- _Provided data_
lemma decision_tree_potential:
  "length \<rho> = n \<Longrightarrow> \<exists>T. dt_vars T \<subseteq> {i. i < n \<and> \<rho> ! i = None} \<and> dt_depth T \<le> a * k
    \<and> tree_error T \<rho> \<le> potential (replicate n None) k \<rho>"
proof (induction k arbitrary: \<rho>)
  case 0
  show ?case
  proof (cases "\<exists>z\<in>subcube n \<rho>. \<not> f z")
    case True
    then obtain z where "z \<in> subcube n \<rho>" "\<not> f z"
      by blast
    then have "mass1 \<rho> \<le> uncovered_mass \<rho> + \<beta>1 * mass1 \<rho> + open_mass (replicate n None) 0 \<rho>"
      by (rule mass1_le_if_zero_input)
    then have "tree_error (Leaf False) \<rho> \<le> potential (replicate n None) 0 \<rho>"
      using mult_nonneg_nonneg[OF less_imp_le[OF \<theta>_pos] mass_nonneg[of \<rho>]]
      by (simp add: tree_error_Leaf potential_def)
    then show ?thesis
      by (intro exI[of _ "Leaf False"]) simp
  next
    case False
    then have "tree_error (Leaf True) \<rho> = 0"
      by (simp add: tree_error_def)
    moreover have "0 \<le> potential (replicate n None) 0 \<rho>"
      using mult_nonneg_nonneg[OF less_imp_le[OF \<theta>_pos] mass_nonneg] potential_ge by (rule order_trans)
    ultimately show ?thesis
      by (intro exI[of _ "Leaf True"]) simp
  qed
next
  case (Suc k)
  show ?case
  proof (cases "mass0 \<rho> \<le> \<theta> * mass \<rho>")
    case True
    then show ?thesis
      using potential_ge[of \<rho> "replicate n None" "Suc k"]
      by (intro exI[of _ "Leaf True"]) (simp add: tree_error_Leaf)
  next
    case False
    then obtain R where R: "R \<in> supports n" "u R \<noteq> 0" "subcube n \<rho> \<inter> subcube n R \<noteq> {}"
      "consistent_mass R \<rho> \<le> round_cost * mass \<rho>"
      using exists_cheap_zero_certificate[of \<rho>] by auto
    then obtain x0 where x0: "x0 \<in> subcube n \<rho>" "x0 \<in> subcube n R"
      by blast
    obtain T where T: "dt_vars T \<subseteq> {i. i < n \<and> \<rho> ! i = None}"
      "dt_depth T \<le> unset_bits n \<rho> R + a * k" "tree_error T \<rho> \<le> potential R k \<rho>"
      using query_certificate[OF Suc.IH Suc.prems] by blast
    have "unset_bits n \<rho> R \<le> a"
      using unset_bits_le_supp_size u_supp_size[OF R(1,2)] by (rule le_trans)
    then have "dt_depth T \<le> a * Suc k"
      using T(2) by simp
    moreover have "potential R k \<rho> \<le> potential (replicate n None) (Suc k) \<rho>"
      using open_mass_le_consistent_mass[OF x0, of k] R(4)
      by (simp add: potential_def algebra_simps)
    ultimately show ?thesis
      using T by (meson order_trans)
  qed
qed

lemma tree_error_root: "tree_error T (replicate n None) = dt_error n p f T"
proof -
  have "{x. dt_eval T x \<noteq> f x} \<inter> cube n = {x \<in> cube n. dt_eval T x \<noteq> f x}"
    by auto
  then show ?thesis
    unfolding tree_error_def dt_error_def mu_def subcube_replicate_None
    by (simp add: sum.inter_filter finite_cube)
qed

lemma open_mass_root: "open_mass (replicate n None) b (replicate n None) = 0"
proof -
  have "open_cover (replicate n None) b (replicate n None) y = 0" for y
    unfolding open_cover_def cover_def
    by (intro sum.neutral) (auto simp: unset_bits_replicate_None dest: w_supp_size)
  then show ?thesis
    by (simp add: open_mass_def cong: if_cong)
qed

lemma uncovered_mass_root:
  assumes "0 \<le> \<alpha>1"
    and "(1 - \<alpha>1) * mu_z n p f True (cube n) \<le> (\<Sum>s\<in>supports n. mu_z n p f True (subcube n s) * w s)"
  shows "uncovered_mass (replicate n None) \<le> \<alpha>1"
proof -
  let ?S1 = "{x \<in> cube n. f x}"
  let ?M1 = "\<Sum>x\<in>?S1. mu_pt n p x" and ?W = "\<Sum>x\<in>?S1. mu_pt n p x * cover n w x"
  have "cube n \<inter> {x. f x = True} = ?S1"
    by auto
  then have mass1: "mu_z n p f True (cube n) = ?M1"
    unfolding mu_z_def by (simp add: mu_subset_cube)
  have "mu_z n p f True (subcube n s) = mu n p (?S1 \<inter> subcube n s)" for s
    unfolding mu_z_def using subcube_subset_cube by (intro arg_cong[where f = "mu n p"]) auto
  moreover have "?S1 \<inter> cube n = ?S1"
    by auto
  ultimately have covered: "(\<Sum>s\<in>supports n. mu_z n p f True (subcube n s) * w s) = ?W"
    by (simp add: sum_supports_mu_inter mult.commute)
  have "uncovered_mass (replicate n None) = (\<Sum>x\<in>?S1. mu_pt n p x * (1 - cover n w x))"
    unfolding uncovered_mass_def subcube_replicate_None
    by (rule sum.inter_filter[symmetric, OF finite_cube])
  also have "\<dots> = ?M1 - ?W"
    by (simp add: right_diff_distrib sum_subtractf)
  finally have "uncovered_mass (replicate n None) \<le> \<alpha>1 * ?M1"
    using assms(2) mass1 covered by (simp add: algebra_simps)
  moreover have "?M1 \<le> 1"
  proof -
    have "?M1 \<le> (\<Sum>x\<in>cube n. mu_pt n p x)"
      by (rule sum_mono2) (auto simp: finite_cube point_mass_nonneg)
    then show ?thesis
      using mu_cube[of n p] by (simp add: mu_def)
  qed
  ultimately show ?thesis
    using mult_left_le[of ?M1 \<alpha>1] assms(1) by linarith
qed

lemma decision_tree_exists:
  assumes "0 \<le> \<alpha>1"
    and "(1 - \<alpha>1) * mu_z n p f True (cube n) \<le> (\<Sum>s\<in>supports n. mu_z n p f True (subcube n s) * w s)"
  shows "\<exists>T. dt_vars T \<subseteq> {..<n} \<and> dt_depth T \<le> a * b
    \<and> dt_error n p f T \<le> \<theta> + \<alpha>1 + \<beta>1 + real b * (\<beta>1 + \<beta>0 / ((1 - \<alpha>0) * \<theta>))"
proof -
  have "mass (replicate n None) = 1"
    by (simp add: mass_eq_mu subcube_replicate_None mu_cube)
  moreover have "\<beta>1 * mass1 (replicate n None) \<le> \<beta>1"
    using mass1_le_mass[of "replicate n None"] \<beta>1_nonneg calculation by (simp add: mult_left_le)
  ultimately have "potential (replicate n None) b (replicate n None) \<le> \<theta> + \<alpha>1 + \<beta>1 + real b * round_cost"
    using uncovered_mass_root[OF assms] by (simp add: potential_def open_mass_root)
  moreover have "{i. i < n \<and> replicate n None ! i = None} = {..<n}"
    by auto
  ultimately show ?thesis
    using decision_tree_potential[of "replicate n None" b] by (auto simp: tree_error_root round_cost_def)
qed

end

lemma error_bound_arith:
  fixes \<delta> \<alpha>0 \<beta>0 \<beta>1 :: real and b :: nat
  assumes "0 < \<delta>" "\<alpha>0 < 1" "0 \<le> \<beta>0" "0 \<le> \<beta>1"
  defines "\<theta> \<equiv> 1/4 + real b * \<delta>"
  shows "\<theta> + real b * (\<beta>1 + \<beta>0 / ((1 - \<alpha>0) * \<theta>))
    \<le> 1/4 + 4 * real b * (\<beta>1 + \<delta>) + \<beta>0 / ((1 - \<alpha>0) * \<delta>)"
proof -
  have "0 < \<theta>"
    using assms(1) by (simp add: \<theta>_def add_pos_nonneg)
  then have "real b / \<theta> \<le> 1 / \<delta>"
    using assms(1) by (simp add: \<theta>_def divide_simps)
  then have "real b * (\<beta>0 / ((1 - \<alpha>0) * \<theta>)) \<le> \<beta>0 / ((1 - \<alpha>0) * \<delta>)"
    using mult_left_mono[of "real b / \<theta>" "1 / \<delta>" "\<beta>0 / (1 - \<alpha>0)"] assms(2,3)
    by (simp add: mult.commute[of "real b" \<beta>0])
  moreover have "\<theta> \<le> 1/4 + 4 * real b * \<delta>" "real b * \<beta>1 \<le> 4 * real b * \<beta>1"
    using assms(1,4) by (simp_all add: \<theta>_def)
  ultimately show ?thesis
    by (simp add: distrib_left)
qed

- _Exercise prompt_
Pick out every line above that contains the word "lemma" and copy it.

- _Answer box_
lemma decision_tree_potential:
lemma tree_error_root: "tree_error T (replicate n None) = dt_error n p f T"
lemma open_mass_root: "open_mass (replicate n None) b (replicate n None) = 0"
lemma uncovered_mass_root:
lemma decision_tree_exists:
lemma error_bound_arith:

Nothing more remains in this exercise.